Exercise: All of the data below should be copied exactly as it stands.

----

lemma PBW_left_annihilator_idempotent:
  fixes R F :: "'a::ring_1 set"
  assumes PBW: "skew_PBW R n x" "PBW_maps R n x \<sigma> \<delta>"
    and compat: "Sigma_compatible R n \<sigma>" "Delta_compatible R n \<delta>"
    and "abelian_ring R" "SA1 R n x" "left_pp R" "finite F"
  shows "\<exists>e. \<forall>u. (\<forall>f\<in>F. u * f = 0) \<longleftrightarrow> u * e = u"
proof -
  obtain S c where rep: "\<And>f. PBW_rep R n x f (S f) (c f)"
    using skew_PBW_reps[OF PBW(1)] by blast
  define C where "C = (\<Union>f\<in>F. c f ` S f)"
  have "finite C" "C \<subseteq> R"
    using PBW_rep_finite[OF rep] PBW_rep_coeff[OF rep] \<open>finite F\<close> unfolding C_def by auto
  then obtain e where e: "central_idempotent R e"
    and ann: "\<And>b. b \<in> R \<Longrightarrow> (\<forall>a\<in>C. b * a = 0) \<longleftrightarrow> e * b = b"
    using left_pp_finite_annihilator[OF skew_PBW_subring[OF PBW(1)] \<open>abelian_ring R\<close> \<open>left_pp R\<close>]
    by blast
  have "e \<in> R" "e * e = e" using e unfolding central_idempotent_def by blast+
  note central = PBW_idempotent_central[OF PBW compat \<open>abelian_ring R\<close> this]
  have annihilated: "e * f = 0" if "f \<in> F" for f
  proof (rule PBW_rep_mult_left_zero[OF rep])
    fix \<alpha> assume "\<alpha> \<in> S f"
    then show "e * c f \<alpha> = 0"
      using ann[OF \<open>e \<in> R\<close>] \<open>e * e = e\<close> \<open>f \<in> F\<close> unfolding C_def by blast
  qed
  have fixed: "u * e = u" if u: "\<forall>f\<in>F. u * f = 0" for u
  proof -
    have "e * c u \<beta> = c u \<beta>" if "\<beta> \<in> S u" for \<beta>
      using ann[OF PBW_rep_coeff[OF rep that]] SA1D[OF \<open>SA1 R n x\<close> rep rep] u that
      unfolding C_def by blast
    then have "e * u = u" by (rule PBW_rep_mult_left_fixed[OF rep])
    then show ?thesis using central[of u] by simp
  qed
  have "(\<forall>f\<in>F. u * f = 0) \<longleftrightarrow> u * e = u" for u
  proof
    assume "u * e = u"
    then show "\<forall>f\<in>F. u * f = 0" using annihilated by (metis mult.assoc mult_zero_right)
  qed (rule fixed)
  then show ?thesis by blast
qed

theorem mainTheorem2:
  fixes R :: "'a::ring_1 set" and n :: nat and x :: "nat \<Rightarrow> 'a"
    and \<sigma> \<delta> :: "nat \<Rightarrow> 'a \<Rightarrow> 'a"
  assumes "skew_PBW R n x"
    and "PBW_maps R n x \<sigma> \<delta>"
    and "Sigma_compatible R n \<sigma>" and "Delta_compatible R n \<delta>"
    and "abelian_ring R" and "NI_ring R" and "SA1 R n x"
  shows "(right_pp R \<longrightarrow> ac_right TYPE('a)) \<and> (left_pp R \<longrightarrow> ac_left TYPE('a))"
proof (intro conjI impI)
  assume "right_pp R"
  then show "ac_right TYPE('a)"
    by (intro ac_rightI PBW_right_annihilator_idempotent[OF assms(1-5,7)])
next
  assume "left_pp R"
  then show "ac_left TYPE('a)"
    by (intro ac_leftI PBW_left_annihilator_idempotent[OF assms(1-5,7)])
qed

end
lemma monom_sum:
  "finite A \<Longrightarrow> (monom (\<Sum>a\<in>A. f a) :: weight \<Rightarrow>\<^sub>0 'r::comm_ring_1) = (\<Prod>a\<in>A. monom (f a))"
proof (induction A rule: finite_induct)
  case empty then show ?case by (simp only: sum.empty prod.empty single_one)
next
  case (insert x F)
  then show ?case by (simp only: sum.insert[OF insert(1,2)] prod.insert[OF insert(1,2)] monom_add)
qed

definition exps_ge :: "nat \<times> nat \<Rightarrow> int \<Rightarrow> (weight \<Rightarrow>\<^sub>0 'r::comm_ring_1) \<Rightarrow> bool" where
  "exps_ge pt a f \<longleftrightarrow> (\<forall>x\<in>Poly_Mapping.keys f. a \<le> x pt)"

lemma exps_ge_0: "exps_ge pt a 0"
  unfolding exps_ge_def by simp

lemma exps_ge_add: "exps_ge pt a f \<Longrightarrow> exps_ge pt a g \<Longrightarrow> exps_ge pt a (f + g)"
  unfolding exps_ge_def using keys_add[of f g] by auto

lemma exps_ge_uminus: "exps_ge pt a f \<Longrightarrow> exps_ge pt a (- f)"
  unfolding exps_ge_def by simp

lemma exps_ge_sum: "(\<And>i. i \<in> I \<Longrightarrow> exps_ge pt a (f i)) \<Longrightarrow> exps_ge pt a (sum f I)"
  by (induction I rule: infinite_finite_induct) (auto intro: exps_ge_0 exps_ge_add)

lemma exps_ge_mono: "a' \<le> a \<Longrightarrow> exps_ge pt a f \<Longrightarrow> exps_ge pt a' f"
  unfolding exps_ge_def by force

lemma exps_ge_mult: "exps_ge pt a f \<Longrightarrow> exps_ge pt b g \<Longrightarrow> exps_ge pt (a + b) (f * g)"
  unfolding exps_ge_def using keys_mult[of f g] by (fastforce intro: add_mono)

lemma exps_ge_monom: "exps_ge pt (v pt) (monom v)"
  unfolding exps_ge_def by simp

lemma exps_ge_power: "exps_ge pt a f \<Longrightarrow> exps_ge pt (int k * a) (f ^ k)"
proof (induction k)
  case 0 then show ?case unfolding exps_ge_def by simp
next
  case (Suc k)
  then have "exps_ge pt (a + int k * a) (f * f ^ k)" by (intro exps_ge_mult)
  then show ?case by (simp add: algebra_simps)
qed

lemma exps_ge_group_ring:
  assumes "f \<in> group_ring (supported_on D)" "pt \<notin> D"
  shows "exps_ge pt 0 f"
proof -
  have "0 \<le> x pt" if "x \<in> Poly_Mapping.keys f" for x
  proof -
    have "x \<in> supported_on D" using assms(1) that unfolding group_ring_def by blast
    then have "x pt = 0" using assms(2) unfolding supported_on_iff by blast
    then show ?thesis by simp
  qed
  then show ?thesis unfolding exps_ge_def by blast
qed

lemma exps_ge_neg_one_power: "exps_ge pt 0 (((- 1) ^ m) :: weight \<Rightarrow>\<^sub>0 'r::comm_ring_1)"
proof -
  have Q: "is_subring (group_ring (supported_on {}) :: (weight \<Rightarrow>\<^sub>0 'r) set)"
    by (rule is_subring_group_ring)
  have "((- 1) ^ m :: weight \<Rightarrow>\<^sub>0 'r) \<in> group_ring (supported_on {})"
    by (intro is_subring_power[OF Q] is_subring_uminus[OF Q] is_subring_1[OF Q])
  then show ?thesis by (rule exps_ge_group_ring) simp
qed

----

Solution for this problem:
lemma PBW_left_annihilator_idempotent:
  fixes R F :: "'a::ring_1 set"
  assumes PBW: "skew_PBW R n x" "PBW_maps R n x \<sigma> \<delta>"
    and compat: "Sigma_compatible R n \<sigma>" "Delta_compatible R n \<delta>"
    and "abelian_ring R" "SA1 R n x" "left_pp R" "finite F"
  shows "\<exists>e. \<forall>u. (\<forall>f\<in>F. u * f = 0) \<longleftrightarrow> u * e = u"
proof -
  obtain S c where rep: "\<And>f. PBW_rep R n x f (S f) (c f)"
    using skew_PBW_reps[OF PBW(1)] by blast
  define C where "C = (\<Union>f\<in>F. c f ` S f)"
  have "finite C" "C \<subseteq> R"
    using PBW_rep_finite[OF rep] PBW_rep_coeff[OF rep] \<open>finite F\<close> unfolding C_def by auto
  then obtain e where e: "central_idempotent R e"
    and ann: "\<And>b. b \<in> R \<Longrightarrow> (\<forall>a\<in>C. b * a = 0) \<longleftrightarrow> e * b = b"
    using left_pp_finite_annihilator[OF skew_PBW_subring[OF PBW(1)] \<open>abelian_ring R\<close> \<open>left_pp R\<close>]
    by blast
  have "e \<in> R" "e * e = e" using e unfolding central_idempotent_def by blast+
  note central = PBW_idempotent_central[OF PBW compat \<open>abelian_ring R\<close> this]
  have annihilated: "e * f = 0" if "f \<in> F" for f
  proof (rule PBW_rep_mult_left_zero[OF rep])
    fix \<alpha> assume "\<alpha> \<in> S f"
    then show "e * c f \<alpha> = 0"
      using ann[OF \<open>e \<in> R\<close>] \<open>e * e = e\<close> \<open>f \<in> F\<close> unfolding C_def by blast
  qed
  have fixed: "u * e = u" if u: "\<forall>f\<in>F. u * f = 0" for u
  proof -
    have "e * c u \<beta> = c u \<beta>" if "\<beta> \<in> S u" for \<beta>
      using ann[OF PBW_rep_coeff[OF rep that]] SA1D[OF \<open>SA1 R n x\<close> rep rep] u that
      unfolding C_def by blast
    then have "e * u = u" by (rule PBW_rep_mult_left_fixed[OF rep])
    then show ?thesis using central[of u] by simp
  qed
  have "(\<forall>f\<in>F. u * f = 0) \<longleftrightarrow> u * e = u" for u
  proof
    assume "u * e = u"
    then show "\<forall>f\<in>F. u * f = 0" using annihilated by (metis mult.assoc mult_zero_right)
  qed (rule fixed)
  then show ?thesis by blast
qed

theorem mainTheorem2:
  fixes R :: "'a::ring_1 set" and n :: nat and x :: "nat \<Rightarrow> 'a"
    and \<sigma> \<delta> :: "nat \<Rightarrow> 'a \<Rightarrow> 'a"
  assumes "skew_PBW R n x"
    and "PBW_maps R n x \<sigma> \<delta>"
    and "Sigma_compatible R n \<sigma>" and "Delta_compatible R n \<delta>"
    and "abelian_ring R" and "NI_ring R" and "SA1 R n x"
  shows "(right_pp R \<longrightarrow> ac_right TYPE('a)) \<and> (left_pp R \<longrightarrow> ac_left TYPE('a))"
proof (intro conjI impI)
  assume "right_pp R"
  then show "ac_right TYPE('a)"
    by (intro ac_rightI PBW_right_annihilator_idempotent[OF assms(1-5,7)])
next
  assume "left_pp R"
  then show "ac_left TYPE('a)"
    by (intro ac_leftI PBW_left_annihilator_idempotent[OF assms(1-5,7)])
qed

end
lemma monom_sum:
  "finite A \<Longrightarrow> (monom (\<Sum>a\<in>A. f a) :: weight \<Rightarrow>\<^sub>0 'r::comm_ring_1) = (\<Prod>a\<in>A. monom (f a))"
proof (induction A rule: finite_induct)
  case empty then show ?case by (simp only: sum.empty prod.empty single_one)
next
  case (insert x F)
  then show ?case by (simp only: sum.insert[OF insert(1,2)] prod.insert[OF insert(1,2)] monom_add)
qed

definition exps_ge :: "nat \<times> nat \<Rightarrow> int \<Rightarrow> (weight \<Rightarrow>\<^sub>0 'r::comm_ring_1) \<Rightarrow> bool" where
  "exps_ge pt a f \<longleftrightarrow> (\<forall>x\<in>Poly_Mapping.keys f. a \<le> x pt)"

lemma exps_ge_0: "exps_ge pt a 0"
  unfolding exps_ge_def by simp

lemma exps_ge_add: "exps_ge pt a f \<Longrightarrow> exps_ge pt a g \<Longrightarrow> exps_ge pt a (f + g)"
  unfolding exps_ge_def using keys_add[of f g] by auto

lemma exps_ge_uminus: "exps_ge pt a f \<Longrightarrow> exps_ge pt a (- f)"
  unfolding exps_ge_def by simp

lemma exps_ge_sum: "(\<And>i. i \<in> I \<Longrightarrow> exps_ge pt a (f i)) \<Longrightarrow> exps_ge pt a (sum f I)"
  by (induction I rule: infinite_finite_induct) (auto intro: exps_ge_0 exps_ge_add)

lemma exps_ge_mono: "a' \<le> a \<Longrightarrow> exps_ge pt a f \<Longrightarrow> exps_ge pt a' f"
  unfolding exps_ge_def by force

lemma exps_ge_mult: "exps_ge pt a f \<Longrightarrow> exps_ge pt b g \<Longrightarrow> exps_ge pt (a + b) (f * g)"
  unfolding exps_ge_def using keys_mult[of f g] by (fastforce intro: add_mono)

lemma exps_ge_monom: "exps_ge pt (v pt) (monom v)"
  unfolding exps_ge_def by simp

lemma exps_ge_power: "exps_ge pt a f \<Longrightarrow> exps_ge pt (int k * a) (f ^ k)"
proof (induction k)
  case 0 then show ?case unfolding exps_ge_def by simp
next
  case (Suc k)
  then have "exps_ge pt (a + int k * a) (f * f ^ k)" by (intro exps_ge_mult)
  then show ?case by (simp add: algebra_simps)
qed

lemma exps_ge_group_ring:
  assumes "f \<in> group_ring (supported_on D)" "pt \<notin> D"
  shows "exps_ge pt 0 f"
proof -
  have "0 \<le> x pt" if "x \<in> Poly_Mapping.keys f" for x
  proof -
    have "x \<in> supported_on D" using assms(1) that unfolding group_ring_def by blast
    then have "x pt = 0" using assms(2) unfolding supported_on_iff by blast
    then show ?thesis by simp
  qed
  then show ?thesis unfolding exps_ge_def by blast
qed

lemma exps_ge_neg_one_power: "exps_ge pt 0 (((- 1) ^ m) :: weight \<Rightarrow>\<^sub>0 'r::comm_ring_1)"
proof -
  have Q: "is_subring (group_ring (supported_on {}) :: (weight \<Rightarrow>\<^sub>0 'r) set)"
    by (rule is_subring_group_ring)
  have "((- 1) ^ m :: weight \<Rightarrow>\<^sub>0 'r) \<in> group_ring (supported_on {})"
    by (intro is_subring_power[OF Q] is_subring_uminus[OF Q] is_subring_1[OF Q])
  then show ?thesis by (rule exps_ge_group_ring) simp
qed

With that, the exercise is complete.